The reality is that some critical evidence is missing. This includes the original video interview of the complainant, which would have included her description of the man who was seeking to abduct her. His interviews under also caution are missing. They set out his contemporaneous response to the charge. The E-Fit prepared at the time by the complainant is not available. The documents which relate to the identification parade, where the complainant did not identify the defendant, have gone.
It is contended by the defence that possibly, indeed, there was more than one witness who attended the identification parade. That would be consistent with the fact that, from the complainant's point of view, it was fortunate that an adult came by and told her to go home. If there were such witnesses, they were unable to make the identification of the defendant and nothing of what they said is available: no description and nothing consistent with either side's case can be derived from it.

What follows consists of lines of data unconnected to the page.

lemma card_neq_0_obtain:
  assumes "card A \<noteq> 0"
  obtains x where "x \<in> A"
  using assms by (metis card.empty ex_in_conv)

definition suit_cards :: "suit \<Rightarrow> card set" where
  "suit_cards s = Std s ` {1..13}"

lemma PJoker_notin_suit_cards [simp]: "PJoker \<notin> suit_cards s"
  by (auto simp: suit_cards_def)

lemma suit_cards_disjoint: "s \<noteq> t \<Longrightarrow> suit_cards s \<inter> suit_cards t = {}"
  by (auto simp: suit_cards_def)

lemma suit_parts_disjoint:
  "A \<subseteq> insert PJoker (suit_cards s) \<Longrightarrow> B \<subseteq> suit_cards t \<Longrightarrow> s \<noteq> t \<Longrightarrow> A \<inter> B = {}"
  using suit_cards_disjoint[of s t] PJoker_notin_suit_cards[of t] by blast

lemma deck_eq_suit_cards: "deck = insert PJoker (\<Union>s. suit_cards s)"
  unfolding deck_def suit_cards_def by fastforce

lemma finite_deck: "finite deck"
  by (simp add: deck_eq_suit_cards suit_cards_def)

lemma suit_cards_subset_deck: "suit_cards s \<subseteq> deck"
  by (auto simp: deck_eq_suit_cards)

lemma card_by_suits:
  assumes "h \<subseteq> deck"
  shows "card h = (\<Sum>s\<in>UNIV. card (h \<inter> suit_cards s)) + (if PJoker \<in> h then 1 else 0)"
proof -
  have fin: "finite h" using assms finite_deck finite_subset by blast
  have split: "h = (\<Union>s. h \<inter> suit_cards s) \<union> (h \<inter> {PJoker})"
    using assms by (auto simp: deck_eq_suit_cards)
  have "card (\<Union>s. h \<inter> suit_cards s) = (\<Sum>s\<in>UNIV. card (h \<inter> suit_cards s))"
    using fin suit_cards_disjoint by (intro card_UN_disjoint) auto
  moreover have "card (h \<inter> {PJoker}) = (if PJoker \<in> h then 1 else 0)"
    by auto
  ultimately show ?thesis
    using fin by (subst split, subst card_Un_disjoint) auto
qed

definition run :: "suit \<Rightarrow> nat \<Rightarrow> nat \<Rightarrow> card set" where
  "run s i j = (\<lambda>p. Std s (rank_at p)) ` {i..j}"

lemma rank_at_eq [simp]: "p \<le> 13 \<Longrightarrow> rank_at p = p"
  by (simp add: rank_at_def)

lemma pure_sequence_run:
  "1 \<le> i \<Longrightarrow> i + 2 \<le> j \<Longrightarrow> j \<le> 14 \<Longrightarrow> \<not> (i = 1 \<and> j = 14) \<Longrightarrow> pure_sequence (run s i j)"
  unfolding pure_sequence_def run_def by blast

lemma card_run:
  assumes "1 \<le> i" "j \<le> 14" "\<not> (i = 1 \<and> j = 14)"
  shows "card (run s i j) = Suc j - i"
proof -
  have "inj_on (\<lambda>p. Std s (rank_at p)) {i..j}"
    using assms by (auto simp: inj_on_def rank_at_def split: if_splits)
  then show ?thesis by (simp add: run_def card_image)
qed

lemma run_subset_suit_cards: "1 \<le> i \<Longrightarrow> j \<le> 14 \<Longrightarrow> run s i j \<subseteq> suit_cards s"
  by (auto simp: run_def suit_cards_def rank_at_def)

lemma run_eq_image: "j \<le> 13 \<Longrightarrow> run s i j = Std s ` {i..j}"
  by (auto simp: run_def rank_at_def)

lemma pure_sequence_suit_interval:
  "1 \<le> i \<Longrightarrow> i + 2 \<le> j \<Longrightarrow> j \<le> 13 \<Longrightarrow> pure_sequence (Std s ` {i..j})"
  using pure_sequence_run[of i j s] by (simp add: run_eq_image)

lemma run_through:
  assumes "c \<in> suit_cards s" "3 \<le> n" "n \<le> 13"
  obtains R where "pure_sequence R" "card R = n" "R \<subseteq> suit_cards s" "c \<in> R"
proof -
  obtain r where r: "c = Std s r" "1 \<le> r" "r \<le> 13" using assms(1) by (auto simp: suit_cards_def)
  define i where "i = min r (14 - n)"
  have i: "1 \<le> i" "i \<le> r" "r \<le> i + n - 1" "i + n - 1 \<le> 13"
    using assms(2,3) r(2,3) by (auto simp: i_def)
  show ?thesis
  proof (rule that)
    show "pure_sequence (run s i (i + n - 1))"
      using i assms(2) by (intro pure_sequence_run) auto
    show "card (run s i (i + n - 1)) = n"
      using i assms(2) by (subst card_run) auto
    show "run s i (i + n - 1) \<subseteq> suit_cards s"
      using i by (intro run_subset_suit_cards) auto
    show "c \<in> run s i (i + n - 1)"
      using i r(1) by (simp add: run_eq_image)
  qed
qed

lemma PJoker_notin_pure_sequence: "pure_sequence T \<Longrightarrow> PJoker \<notin> T"
  by (auto simp: pure_sequence_def)

lemma finite_pure_sequence: "pure_sequence T \<Longrightarrow> finite T"
  by (auto simp: pure_sequence_def)

lemma impure_sequence_replace_by_joker:
  assumes "pure_sequence T" "d \<in> T"
  shows "impure_sequence wcj (insert PJoker (T - {d}))"
  unfolding impure_sequence_def impure_def
  using assms PJoker_notin_pure_sequence[OF assms(1)]
  by (intro exI[of _ T] exI[of _ "{d}"] exI[of _ "{PJoker}"])
    (simp_all add: deck_def is_joker_def insert_absorb)

lemma impure_run_through:
  assumes "c \<in> suit_cards s"
  obtains R where "impure_sequence wcj R" "card R = 4" "R \<subseteq> insert PJoker (suit_cards s)"
    "c \<in> R" "PJoker \<in> R"
proof -
  obtain T where T: "pure_sequence T" "card T = 4" "T \<subseteq> suit_cards s" "c \<in> T"
    using run_through[OF assms, of 4] by auto
  have "card (T - {c}) = 3" using T finite_pure_sequence[OF T(1)] by simp
  then obtain d where d: "d \<in> T" "d \<noteq> c"
    by (metis DiffE card.empty ex_in_conv singletonI zero_neq_numeral)
  have "card (insert PJoker (T - {d})) = 4"
    using T d PJoker_notin_pure_sequence[OF T(1)] finite_pure_sequence[OF T(1)] by simp
  moreover have "impure_sequence wcj (insert PJoker (T - {d}))"
    using T(1) d(1) by (rule impure_sequence_replace_by_joker)
  ultimately show ?thesis using that T d by auto
qed

lemma two_ranks_in_window:
  assumes K: "K \<subseteq> {1..13}" and card_K: "4 \<le> card K"
  obtains i where "1 \<le> i" "i \<le> 11" "2 \<le> card (K \<inter> rank_at ` {i..i + 3})"
proof (cases "1 \<in> K \<and> 13 \<in> K")
  case True
  have "1 \<in> rank_at ` {11..14}" "13 \<in> rank_at ` {11..14}"
    by (force simp: rank_at_def)+
  then have "2 \<le> card (K \<inter> rank_at ` {11..11 + 3})"
    using True by (intro two_le_card[of _ 1 13]) auto
  then show ?thesis by (intro that[of 11]) simp_all
next
  case False
  define lo :: nat where "lo = (if 1 \<in> K then 1 else 2)"
  have range: "lo \<le> r \<and> r \<le> lo + 11" if "r \<in> K" for r
  proof -
    have "1 \<le> r" "r \<le> 13" using K that by auto
    moreover have "r = 13 \<longrightarrow> 1 \<notin> K" "r = 1 \<longrightarrow> 1 \<in> K" using False that by auto
    ultimately show ?thesis by (auto simp: lo_def)
  qed
  define block where "block r = (r - lo) div 4" for r
  have "block ` K \<subseteq> {0, 1, 2}"
    using range by (fastforce simp: block_def)
  then have "\<not> inj_on block K"
    using card_K card_inj_on_le[of block K "{0, 1, 2}"] by auto
  then obtain x y where xy: "x \<in> K" "y \<in> K" "x \<noteq> y" "block x = block y"
    by (auto simp: inj_on_def)
  have block_bounds: "4 * block r \<le> r - lo \<and> r - lo < 4 * block r + 4" for r
    using div_mult_mod_eq[of "r - lo" 4] mod_less_divisor[of 4 "r - lo"]
    unfolding block_def by linarith
  have "4 * block x \<le> 11"
    using block_bounds[of x] range[OF xy(1)] by linarith
  then have "block x \<le> 2" by presburger
  define i where "i = lo + 4 * block x"
  have window: "x \<in> {i..i + 3}" "y \<in> {i..i + 3}"
    using xy(4) range[OF xy(1)] range[OF xy(2)] block_bounds[of x] block_bounds[of y]
    unfolding i_def by auto
  have i: "1 \<le> i" "i + 3 \<le> 13"
    using \<open>block x \<le> 2\<close> by (auto simp: i_def lo_def)
  have "z \<in> rank_at ` {i..i + 3}" if "z \<in> {i..i + 3}" for z
    using that i by (intro image_eqI[of z _ z]) auto
  with window have "x \<in> rank_at ` {i..i + 3}" "y \<in> rank_at ` {i..i + 3}"
    by auto
  then have "2 \<le> card (K \<inter> rank_at ` {i..i + 3})"
    using xy by (intro two_le_card[of _ x y]) auto
  then show ?thesis using i by (intro that) auto
qed

lemma run4_with_two_common_cards:
  assumes hand: "h \<subseteq> deck" and many: "4 \<le> card (h \<inter> suit_cards s)"
  obtains R where "pure_sequence R" "card R = 4" "R \<subseteq> suit_cards s" "2 \<le> card (h \<inter> R)"
proof -
  define K where "K = {r. Std s r \<in> h}"
  have "h \<inter> suit_cards s = Std s ` K"
    using hand by (auto simp: K_def suit_cards_def deck_def)
  then have "card K = card (h \<inter> suit_cards s)"
    by (simp add: card_image inj_on_def)
  moreover have "K \<subseteq> {1..13}"
    using hand by (auto simp: K_def deck_def)
  ultimately obtain i where i: "1 \<le> i" "i \<le> 11" "2 \<le> card (K \<inter> rank_at ` {i..i + 3})"
    using many two_ranks_in_window by metis
  have "Std s ` (K \<inter> rank_at ` {i..i + 3}) \<subseteq> h \<inter> run s i (i + 3)"
    by (auto simp: K_def run_def)
  moreover have "card (Std s ` (K \<inter> rank_at ` {i..i + 3})) = card (K \<inter> rank_at ` {i..i + 3})"
    by (simp add: card_image inj_on_def)
  moreover have "finite (h \<inter> run s i (i + 3))"
    by (simp add: run_def)
  ultimately have "2 \<le> card (h \<inter> run s i (i + 3))"
    using i(3) card_mono by (metis le_trans)
  moreover have "pure_sequence (run s i (i + 3))" "card (run s i (i + 3)) = 4"
    "run s i (i + 3) \<subseteq> suit_cards s"
    using i by (simp_all add: pure_sequence_run run_subset_suit_cards card_run)
  ultimately show ?thesis using that by blast
qed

There is also a suggestion that there may have been a witness or witnesses who purported to record the partial index number of the relevant car, whose identity is no longer known. Those last two points perhaps are less important than the ones on which the judge focused.
We remind ourselves, as the judge no doubt had clearly in mind, that the issue in relation to count 1 is identity, an identification of a man who was alleged to have committed an offence 12 years ago. There are, as is well-known, troubles enough with identification cases when all the evidence is relatively recent and remains available. Many abuse of process arguments, up and down the land in the Crown Court, are ill-founded and unjustified, but this argument was not. The submissions on each side were examined by an experienced judge. He exercised his discretion or (as we prefer to put it) he made his judgment that the proceedings should be stopped on the basis that a fair trial could not take place. There is, in truth, no possible basis for interfering with that judgment. Our only area of disagreement with Judge Rogers is that he gave the prosecution leave to appeal.
When the judge has exercised his discretion or made his judgment for the purposes of and in the course of a criminal trial, the very fact that he has had carefully to balance conflicting considerations will almost inevitably mean that he might reasonably have reached a different, or the opposite conclusion to the one he did reach. Leave to appeal under section 67 of the 2003 Act will not be given by this court unless it is seriously arguable, not that the discretionary jurisdiction might have been exercised differently, but that it was unreasonable for it to have been exercised in the way that it was. No trial judge should exercise his discretion in a way which he personally believes may be unreasonable. That is not to say that he will necessarily find every such decision easy. But the mere fact that the judge could reasonably have reached the opposite conclusion to the one he reached, and that he acknowledges that there were valid arguments which might have caused him to do so, does not begin to provide a basis for a successful appeal, whether, as in the circumstances here, by the prosecution or, when it arises, by the defendant. Accordingly, this appeal will be dismissed.
We shall confirm the ruling made by Judge Rogers and order that the defendant shall be acquitted of count 1 on the indictment.